Exercise goal
The lines below should be written out again in full, exactly as they are.

[Data entries]

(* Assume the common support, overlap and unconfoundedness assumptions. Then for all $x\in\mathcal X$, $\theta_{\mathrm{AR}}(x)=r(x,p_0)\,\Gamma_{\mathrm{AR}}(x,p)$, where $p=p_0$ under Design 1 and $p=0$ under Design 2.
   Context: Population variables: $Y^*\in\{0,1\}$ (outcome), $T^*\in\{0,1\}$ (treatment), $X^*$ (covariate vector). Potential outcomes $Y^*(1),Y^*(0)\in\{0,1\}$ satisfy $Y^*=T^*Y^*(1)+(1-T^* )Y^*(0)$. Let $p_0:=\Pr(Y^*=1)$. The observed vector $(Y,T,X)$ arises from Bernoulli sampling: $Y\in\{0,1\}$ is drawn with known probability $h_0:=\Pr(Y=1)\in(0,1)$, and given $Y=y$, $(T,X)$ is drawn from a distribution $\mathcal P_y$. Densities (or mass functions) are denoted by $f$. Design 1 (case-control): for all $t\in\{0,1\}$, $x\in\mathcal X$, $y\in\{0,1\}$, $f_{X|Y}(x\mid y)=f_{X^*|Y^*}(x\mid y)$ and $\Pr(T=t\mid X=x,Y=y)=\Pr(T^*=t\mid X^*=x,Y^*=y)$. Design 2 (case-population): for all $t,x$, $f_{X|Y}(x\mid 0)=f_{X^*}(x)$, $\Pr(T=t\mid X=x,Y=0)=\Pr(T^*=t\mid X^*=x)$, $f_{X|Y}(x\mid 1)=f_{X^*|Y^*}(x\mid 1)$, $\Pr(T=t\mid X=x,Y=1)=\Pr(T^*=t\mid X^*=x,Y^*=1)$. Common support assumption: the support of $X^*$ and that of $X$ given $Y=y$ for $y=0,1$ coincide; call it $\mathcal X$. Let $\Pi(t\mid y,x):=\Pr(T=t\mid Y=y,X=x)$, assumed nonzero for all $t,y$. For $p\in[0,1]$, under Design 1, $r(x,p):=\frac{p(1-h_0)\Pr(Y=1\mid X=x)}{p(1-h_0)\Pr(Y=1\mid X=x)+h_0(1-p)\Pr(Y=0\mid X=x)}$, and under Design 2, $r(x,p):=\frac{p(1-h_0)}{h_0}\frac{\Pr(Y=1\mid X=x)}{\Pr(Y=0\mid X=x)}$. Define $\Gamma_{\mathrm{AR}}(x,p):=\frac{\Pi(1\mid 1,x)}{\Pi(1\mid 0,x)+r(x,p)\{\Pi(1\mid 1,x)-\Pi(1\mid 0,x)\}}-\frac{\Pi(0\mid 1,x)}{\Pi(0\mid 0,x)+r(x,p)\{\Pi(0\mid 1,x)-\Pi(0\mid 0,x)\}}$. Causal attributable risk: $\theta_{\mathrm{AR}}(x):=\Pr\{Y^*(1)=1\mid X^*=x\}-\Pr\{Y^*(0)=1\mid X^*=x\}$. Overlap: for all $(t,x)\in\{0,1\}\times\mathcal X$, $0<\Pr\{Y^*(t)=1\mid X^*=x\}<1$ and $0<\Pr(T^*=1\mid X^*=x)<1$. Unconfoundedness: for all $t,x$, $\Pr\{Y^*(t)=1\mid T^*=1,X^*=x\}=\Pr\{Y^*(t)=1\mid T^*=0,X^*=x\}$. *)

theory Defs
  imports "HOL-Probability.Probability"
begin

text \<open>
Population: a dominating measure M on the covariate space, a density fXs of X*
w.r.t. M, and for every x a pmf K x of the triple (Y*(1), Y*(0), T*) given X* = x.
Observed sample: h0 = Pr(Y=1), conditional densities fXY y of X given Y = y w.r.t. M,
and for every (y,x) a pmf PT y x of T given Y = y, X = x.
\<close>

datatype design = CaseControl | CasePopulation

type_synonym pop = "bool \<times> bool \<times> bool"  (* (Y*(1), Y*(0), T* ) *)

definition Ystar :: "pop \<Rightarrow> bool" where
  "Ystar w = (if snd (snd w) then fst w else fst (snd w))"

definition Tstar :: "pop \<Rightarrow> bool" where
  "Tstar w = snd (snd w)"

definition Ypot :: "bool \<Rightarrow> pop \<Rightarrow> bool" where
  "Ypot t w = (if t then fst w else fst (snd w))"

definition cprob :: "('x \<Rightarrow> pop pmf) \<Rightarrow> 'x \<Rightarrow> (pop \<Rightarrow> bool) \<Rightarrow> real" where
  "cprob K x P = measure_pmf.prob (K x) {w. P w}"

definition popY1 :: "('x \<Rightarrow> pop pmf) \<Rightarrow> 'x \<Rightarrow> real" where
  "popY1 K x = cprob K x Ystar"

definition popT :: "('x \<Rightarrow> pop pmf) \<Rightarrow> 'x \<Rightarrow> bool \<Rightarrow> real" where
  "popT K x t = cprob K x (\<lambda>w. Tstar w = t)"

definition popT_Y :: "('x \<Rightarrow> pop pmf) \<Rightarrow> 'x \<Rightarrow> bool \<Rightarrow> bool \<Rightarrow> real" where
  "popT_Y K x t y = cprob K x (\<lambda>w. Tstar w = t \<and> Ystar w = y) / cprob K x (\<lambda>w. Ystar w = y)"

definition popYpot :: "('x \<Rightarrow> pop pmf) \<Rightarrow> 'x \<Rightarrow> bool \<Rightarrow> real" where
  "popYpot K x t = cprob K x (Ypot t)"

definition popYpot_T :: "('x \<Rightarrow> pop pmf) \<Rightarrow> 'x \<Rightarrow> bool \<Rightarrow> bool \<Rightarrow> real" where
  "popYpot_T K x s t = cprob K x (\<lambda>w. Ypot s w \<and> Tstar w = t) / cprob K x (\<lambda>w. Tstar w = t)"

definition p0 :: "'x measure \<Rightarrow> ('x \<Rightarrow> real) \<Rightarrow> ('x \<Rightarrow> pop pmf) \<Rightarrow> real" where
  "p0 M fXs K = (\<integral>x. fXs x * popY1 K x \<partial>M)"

Problem solution
(* Assume the common support, overlap and unconfoundedness assumptions. Then for all $x\in\mathcal X$, $\theta_{\mathrm{AR}}(x)=r(x,p_0)\,\Gamma_{\mathrm{AR}}(x,p)$, where $p=p_0$ under Design 1 and $p=0$ under Design 2.
   Context: Population variables: $Y^*\in\{0,1\}$ (outcome), $T^*\in\{0,1\}$ (treatment), $X^*$ (covariate vector). Potential outcomes $Y^*(1),Y^*(0)\in\{0,1\}$ satisfy $Y^*=T^*Y^*(1)+(1-T^* )Y^*(0)$. Let $p_0:=\Pr(Y^*=1)$. The observed vector $(Y,T,X)$ arises from Bernoulli sampling: $Y\in\{0,1\}$ is drawn with known probability $h_0:=\Pr(Y=1)\in(0,1)$, and given $Y=y$, $(T,X)$ is drawn from a distribution $\mathcal P_y$. Densities (or mass functions) are denoted by $f$. Design 1 (case-control): for all $t\in\{0,1\}$, $x\in\mathcal X$, $y\in\{0,1\}$, $f_{X|Y}(x\mid y)=f_{X^*|Y^*}(x\mid y)$ and $\Pr(T=t\mid X=x,Y=y)=\Pr(T^*=t\mid X^*=x,Y^*=y)$. Design 2 (case-population): for all $t,x$, $f_{X|Y}(x\mid 0)=f_{X^*}(x)$, $\Pr(T=t\mid X=x,Y=0)=\Pr(T^*=t\mid X^*=x)$, $f_{X|Y}(x\mid 1)=f_{X^*|Y^*}(x\mid 1)$, $\Pr(T=t\mid X=x,Y=1)=\Pr(T^*=t\mid X^*=x,Y^*=1)$. Common support assumption: the support of $X^*$ and that of $X$ given $Y=y$ for $y=0,1$ coincide; call it $\mathcal X$. Let $\Pi(t\mid y,x):=\Pr(T=t\mid Y=y,X=x)$, assumed nonzero for all $t,y$. For $p\in[0,1]$, under Design 1, $r(x,p):=\frac{p(1-h_0)\Pr(Y=1\mid X=x)}{p(1-h_0)\Pr(Y=1\mid X=x)+h_0(1-p)\Pr(Y=0\mid X=x)}$, and under Design 2, $r(x,p):=\frac{p(1-h_0)}{h_0}\frac{\Pr(Y=1\mid X=x)}{\Pr(Y=0\mid X=x)}$. Define $\Gamma_{\mathrm{AR}}(x,p):=\frac{\Pi(1\mid 1,x)}{\Pi(1\mid 0,x)+r(x,p)\{\Pi(1\mid 1,x)-\Pi(1\mid 0,x)\}}-\frac{\Pi(0\mid 1,x)}{\Pi(0\mid 0,x)+r(x,p)\{\Pi(0\mid 1,x)-\Pi(0\mid 0,x)\}}$. Causal attributable risk: $\theta_{\mathrm{AR}}(x):=\Pr\{Y^*(1)=1\mid X^*=x\}-\Pr\{Y^*(0)=1\mid X^*=x\}$. Overlap: for all $(t,x)\in\{0,1\}\times\mathcal X$, $0<\Pr\{Y^*(t)=1\mid X^*=x\}<1$ and $0<\Pr(T^*=1\mid X^*=x)<1$. Unconfoundedness: for all $t,x$, $\Pr\{Y^*(t)=1\mid T^*=1,X^*=x\}=\Pr\{Y^*(t)=1\mid T^*=0,X^*=x\}$. *)

theory Defs
  imports "HOL-Probability.Probability"
begin

text \<open>
Population: a dominating measure M on the covariate space, a density fXs of X*
w.r.t. M, and for every x a pmf K x of the triple (Y*(1), Y*(0), T*) given X* = x.
Observed sample: h0 = Pr(Y=1), conditional densities fXY y of X given Y = y w.r.t. M,
and for every (y,x) a pmf PT y x of T given Y = y, X = x.
\<close>

datatype design = CaseControl | CasePopulation

type_synonym pop = "bool \<times> bool \<times> bool"  (* (Y*(1), Y*(0), T* ) *)

definition Ystar :: "pop \<Rightarrow> bool" where
  "Ystar w = (if snd (snd w) then fst w else fst (snd w))"

definition Tstar :: "pop \<Rightarrow> bool" where
  "Tstar w = snd (snd w)"

definition Ypot :: "bool \<Rightarrow> pop \<Rightarrow> bool" where
  "Ypot t w = (if t then fst w else fst (snd w))"

definition cprob :: "('x \<Rightarrow> pop pmf) \<Rightarrow> 'x \<Rightarrow> (pop \<Rightarrow> bool) \<Rightarrow> real" where
  "cprob K x P = measure_pmf.prob (K x) {w. P w}"

definition popY1 :: "('x \<Rightarrow> pop pmf) \<Rightarrow> 'x \<Rightarrow> real" where
  "popY1 K x = cprob K x Ystar"

definition popT :: "('x \<Rightarrow> pop pmf) \<Rightarrow> 'x \<Rightarrow> bool \<Rightarrow> real" where
  "popT K x t = cprob K x (\<lambda>w. Tstar w = t)"

definition popT_Y :: "('x \<Rightarrow> pop pmf) \<Rightarrow> 'x \<Rightarrow> bool \<Rightarrow> bool \<Rightarrow> real" where
  "popT_Y K x t y = cprob K x (\<lambda>w. Tstar w = t \<and> Ystar w = y) / cprob K x (\<lambda>w. Ystar w = y)"

definition popYpot :: "('x \<Rightarrow> pop pmf) \<Rightarrow> 'x \<Rightarrow> bool \<Rightarrow> real" where
  "popYpot K x t = cprob K x (Ypot t)"

definition popYpot_T :: "('x \<Rightarrow> pop pmf) \<Rightarrow> 'x \<Rightarrow> bool \<Rightarrow> bool \<Rightarrow> real" where
  "popYpot_T K x s t = cprob K x (\<lambda>w. Ypot s w \<and> Tstar w = t) / cprob K x (\<lambda>w. Tstar w = t)"

definition p0 :: "'x measure \<Rightarrow> ('x \<Rightarrow> real) \<Rightarrow> ('x \<Rightarrow> pop pmf) \<Rightarrow> real" where
  "p0 M fXs K = (\<integral>x. fXs x * popY1 K x \<partial>M)"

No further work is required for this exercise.